Source records:
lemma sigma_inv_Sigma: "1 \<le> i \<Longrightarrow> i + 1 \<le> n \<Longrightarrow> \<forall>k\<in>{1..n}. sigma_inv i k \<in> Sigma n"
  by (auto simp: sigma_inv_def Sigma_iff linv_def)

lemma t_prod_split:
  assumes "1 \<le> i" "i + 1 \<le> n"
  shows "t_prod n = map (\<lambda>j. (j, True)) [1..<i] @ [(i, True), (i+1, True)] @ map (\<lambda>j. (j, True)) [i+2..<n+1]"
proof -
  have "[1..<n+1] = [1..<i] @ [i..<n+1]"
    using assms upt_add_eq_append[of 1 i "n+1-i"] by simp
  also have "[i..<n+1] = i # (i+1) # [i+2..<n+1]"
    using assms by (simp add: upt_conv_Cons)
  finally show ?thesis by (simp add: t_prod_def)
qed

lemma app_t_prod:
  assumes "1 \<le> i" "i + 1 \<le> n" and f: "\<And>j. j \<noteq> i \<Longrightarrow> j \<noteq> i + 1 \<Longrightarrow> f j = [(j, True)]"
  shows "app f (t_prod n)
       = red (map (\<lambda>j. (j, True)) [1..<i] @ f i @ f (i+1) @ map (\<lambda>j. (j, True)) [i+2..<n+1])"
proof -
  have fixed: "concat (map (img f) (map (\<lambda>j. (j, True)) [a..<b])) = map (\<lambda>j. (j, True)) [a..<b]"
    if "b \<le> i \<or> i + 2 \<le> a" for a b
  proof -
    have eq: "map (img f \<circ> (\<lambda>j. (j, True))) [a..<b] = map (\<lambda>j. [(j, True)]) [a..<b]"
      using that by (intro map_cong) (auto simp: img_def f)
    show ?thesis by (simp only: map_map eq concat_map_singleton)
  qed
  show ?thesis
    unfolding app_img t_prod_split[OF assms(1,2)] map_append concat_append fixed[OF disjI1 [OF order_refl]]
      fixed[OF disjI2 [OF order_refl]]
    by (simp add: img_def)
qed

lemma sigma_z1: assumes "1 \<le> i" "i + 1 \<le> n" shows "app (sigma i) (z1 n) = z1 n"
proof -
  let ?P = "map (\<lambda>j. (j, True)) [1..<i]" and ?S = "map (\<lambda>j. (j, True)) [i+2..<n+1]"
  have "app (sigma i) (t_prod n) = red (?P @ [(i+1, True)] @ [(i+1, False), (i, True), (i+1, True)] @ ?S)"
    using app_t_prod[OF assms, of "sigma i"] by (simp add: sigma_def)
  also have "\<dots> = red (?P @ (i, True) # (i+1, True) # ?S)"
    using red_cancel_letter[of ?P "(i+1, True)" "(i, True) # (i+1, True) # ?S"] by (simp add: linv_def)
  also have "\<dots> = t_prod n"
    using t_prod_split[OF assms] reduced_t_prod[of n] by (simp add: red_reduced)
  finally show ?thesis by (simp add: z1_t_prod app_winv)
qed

-- WHAT YOU WILL DO --
Every line above that contains the word "assms" should be reported.

-- SOLUTION TO THIS EXERCISE --
    using assms upt_add_eq_append[of 1 i "n+1-i"] by simp
    using assms by (simp add: upt_conv_Cons)
    unfolding app_img t_prod_split[OF assms(1,2)] map_append concat_append fixed[OF disjI1 [OF order_refl]]
    using app_t_prod[OF assms, of "sigma i"] by (simp add: sigma_def)
    using t_prod_split[OF assms] reduced_t_prod[of n] by (simp add: red_reduced)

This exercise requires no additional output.